Silvan Widmer dice basta con la Nazionale

Silvan Widmer non giocherà più con la Svizzera. L'annuncio arriva in coincidenza con l'avvio della Bundesliga 2026/27: il 33.enne, in forza al Mainz, ha deciso di chiudere la carriera internazionale dopo 65 partite, 5 reti e quattro fasi finali fra Europei e Mondiali.
«Mi mancheranno le emozioni e l'ambiente della Nati, ma sento che è il momento giusto per concentrarmi solo sul club e concedere più pause al mio corpo», ha spiegato il difensore. «Sono orgoglioso di aver indossato 65 volte la maglia del mio Paese e di aver giocato due Europei e due Mondiali».
Nella sua lista dei ricordi ci sono soprattutto due notti: le vittorie ai rigori contro la Francia e contro la Colombia. «Resteranno indimenticabili. Ma ricorderò con lo stesso piacere anche quello che è successo fuori dal campo, perché la Nati è più di una squadra: è un gruppo di amici che negli allenamenti, negli alberghi e in viaggio si è sempre divertito insieme». Il ringraziamento finale va ai compagni, allo staff e ai tifosi.

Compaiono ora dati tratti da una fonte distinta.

definition on_var :: "var \<Rightarrow> tid \<times> op \<times> resp \<Rightarrow> bool" where
  "on_var x e \<longleftrightarrow> (fst (snd e) = Read x \<or> (\<exists>v. fst (snd e) = Write x v))"

text \<open>Membership in Seq(x), starting from current value cur: each read returning a value
  returns the value of the most recent preceding (successful) write, or the initial value.\<close>
fun seq_ok :: "val \<Rightarrow> (tid \<times> op \<times> resp) list \<Rightarrow> bool" where
  "seq_ok cur [] = True"
| "seq_ok cur ((i, Read y, Val v) # rest) = (v = cur \<and> seq_ok cur rest)"
| "seq_ok cur ((i, Write y v, Ok) # rest) = seq_ok v rest"
| "seq_ok cur (_ # rest) = seq_ok cur rest"

definition in_Seq :: "(tid \<times> op \<times> resp) list \<Rightarrow> bool" where
  "in_Seq l \<longleftrightarrow> seq_ok 0 l"

definition legal :: "history \<Rightarrow> bool" where
  "legal S \<longleftrightarrow> (\<forall>x. in_Seq (filter (on_var x) (ops S)))"

definition vis :: "history \<Rightarrow> tid \<Rightarrow> history" where
  "vis S i = [e \<leftarrow> S. tid_of e = i \<or> (committed S (tid_of e) \<and> prec S (tid_of e) i)]"

definition legal_in :: "history \<Rightarrow> tid \<Rightarrow> bool" where
  "legal_in S i \<longleftrightarrow> legal (vis S i)"

definition serializable :: "history \<Rightarrow> bool" where
  "serializable H \<longleftrightarrow> (\<exists>C S. is_completion H C \<and> sequential S \<and> equivalent S C \<and>
     (\<forall>i \<in> txns S. committed S i \<longrightarrow> legal_in S i))"

definition releases_early :: "history \<Rightarrow> tid \<Rightarrow> var \<Rightarrow> bool" where
  "releases_early H i x \<longleftrightarrow> (\<exists>n. let P = take n H in live P i \<and>
     (\<exists>j v k k' m m' r. op_exec P k k' i (Write x v) r \<and> op_exec P m m' j (Read x) (Val v) \<and>
        k' < m \<and> \<not> (\<exists>l < m. \<exists>v'. P ! l = Inv j (Write x v'))))"

definition supports_early_release :: "(history \<Rightarrow> bool) \<Rightarrow> bool" where
  "supports_early_release Prop \<longleftrightarrow> (\<exists>H. Prop H \<and> (\<exists>i x. releases_early H i x))"

end

theory Submission
  imports Defs
begin

text \<open>T_1 writes 1 to x and, while T_1 is still live, T_2 reads that value. Neither
  transaction ever commits, so in the completion both abort; serializability constrains
  only committed transactions, hence running T_1 and then T_2 sequentially serializes
  the history.\<close>

lemma committed_eq_if_proj_eq:
  assumes "proj H i = proj H' i"
  shows "committed H i \<longleftrightarrow> committed H' i"
  using assms by (simp add: committed_def)

lemma serializable_if_no_commits:
  assumes "is_completion H C" and "sequential S" and "equivalent S C"
    and "\<And>i. \<not> committed C i"
  shows "serializable H"
proof -
  have "\<not> committed S i" for i
    using assms(3,4) committed_eq_if_proj_eq by (metis equivalent_def)
  then show ?thesis
    unfolding serializable_def using assms(1-3) by blast
qed

definition release_history :: history where
  "release_history = [Inv 1 Init, Resp 1 Ok, Inv 1 (Write 0 1), Resp 1 Ok,
                      Inv 2 Init, Resp 2 Ok, Inv 2 (Read 0), Resp 2 (Val 1)]"

definition release_completion :: history where
  "release_completion = release_history @ [Inv 1 TryC, Resp 1 Abort, Inv 2 TryC, Resp 2 Abort]"

definition release_serialization :: history where
  "release_serialization =
     [Inv 1 Init, Resp 1 Ok, Inv 1 (Write 0 1), Resp 1 Ok, Inv 1 TryC, Resp 1 Abort,
      Inv 2 Init, Resp 2 Ok, Inv 2 (Read 0), Resp 2 (Val 1), Inv 2 TryC, Resp 2 Abort]"

lemmas release_defs = release_history_def release_completion_def release_serialization_def

lemma txns_release_history: "txns release_history = {1, 2}"
  by (auto simp: txns_def release_history_def)

lemma txns_release_serialization: "txns release_serialization = {1, 2}"
  by (auto simp: txns_def release_serialization_def)

lemma proj_release_history:
  "proj release_history i =
     (if i = 1 then [Inv 1 Init, Resp 1 Ok, Inv 1 (Write 0 1), Resp 1 Ok]
      else if i = 2 then [Inv 2 Init, Resp 2 Ok, Inv 2 (Read 0), Resp 2 (Val 1)] else [])"
  by (auto simp: proj_def release_history_def)

lemma proj_release_completion:
  "proj release_completion i = proj release_history i @
     (if i = 1 \<or> i = 2 then [Inv i TryC, Resp i Abort] else [])"
  by (auto simp: proj_def release_defs)

lemma proj_release_serialization: "proj release_serialization i = proj release_completion i"
  by (auto simp: proj_def release_defs)

lemma positions_release_history:
  "positions release_history 1 = {0..3}" "positions release_history 2 = {4..7}"
  by (auto simp: positions_def release_history_def less_Suc_eq nth_Cons' numeral_eq_Suc)

lemma positions_release_serialization:
  "positions release_serialization 1 = {0..5}" "positions release_serialization 2 = {6..11}"
  by (auto simp: positions_def release_serialization_def less_Suc_eq nth_Cons' numeral_eq_Suc)

lemma well_formed_release_history: "well_formed release_history"
proof -
  have "prec release_history 1 2"
    unfolding prec_def positions_release_history by (auto simp: txns_release_history)
  then show ?thesis
    unfolding well_formed_def
    by (auto simp: proj_release_history txns_release_history intro!: exI[of _ id])
qed

lemma unique_writes_release_history: "unique_writes release_history"
  by (auto simp: unique_writes_def release_history_def less_Suc_eq nth_Cons')

lemma is_completion_release: "is_completion release_history release_completion"
  unfolding is_completion_def complete_history_def
proof (intro conjI allI ballI)
  fix i assume "i \<in> txns release_completion"
  then show "committed release_completion i \<or> aborted release_completion i"
    by (auto simp: txns_def aborted_def release_defs)
next
  show "\<exists>s. release_completion = release_history @ s"
    by (simp add: release_completion_def)
next
  fix i
  have "\<not> committed release_history i" "\<not> has_pending_op release_history i"
    by (simp_all add: committed_def has_pending_op_def proj_release_history)
  moreover have "\<not> aborted release_history i" "\<not> commit_pending release_history i"
    by (auto simp: aborted_def commit_pending_def release_history_def)
  ultimately show "proj release_completion i = compl_proj release_history i"
    by (auto simp: compl_proj_def txns_release_history proj_release_completion)
qed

Da San Marino a Kansas City
La parabola di Widmer in Nazionale maggiore racconta anche quanto sia cambiato il calcio svizzero in poco più di un decennio. Il debutto risale al 14 ottobre 2014, nel secondo raduno di Vladimir Petkovic: qualificazione agli Europei in trasferta a San Marino (4-0), ingresso in campo al posto di Stephan Lichtsteiner davanti a circa 2.300 spettatori.
L'ultima apparizione, dodici anni dopo, è arrivata nei quarti di finale del Mondiale 2026 contro l'Argentina, persi 3-1 dopo i tempi supplementari: a Kansas City, con oltre 69.000 persone sugli spalti, Widmer è subentrato a Djibril Sow poco prima del novantesimo.
Yakin: «Sempre affidabile»
«Lascia la Nazionale un giocatore che per anni ha garantito prestazioni costanti a un livello alto», ha commentato il selezionatore Murat Yakin. «Con il suo atteggiamento positivo e la sua professionalità, "Sile" è stato un elemento prezioso per il gruppo. Lo ringraziamo per aver vestito la maglia della Nati anima e corpo e gli auguriamo il meglio per il prosieguo della carriera nel club».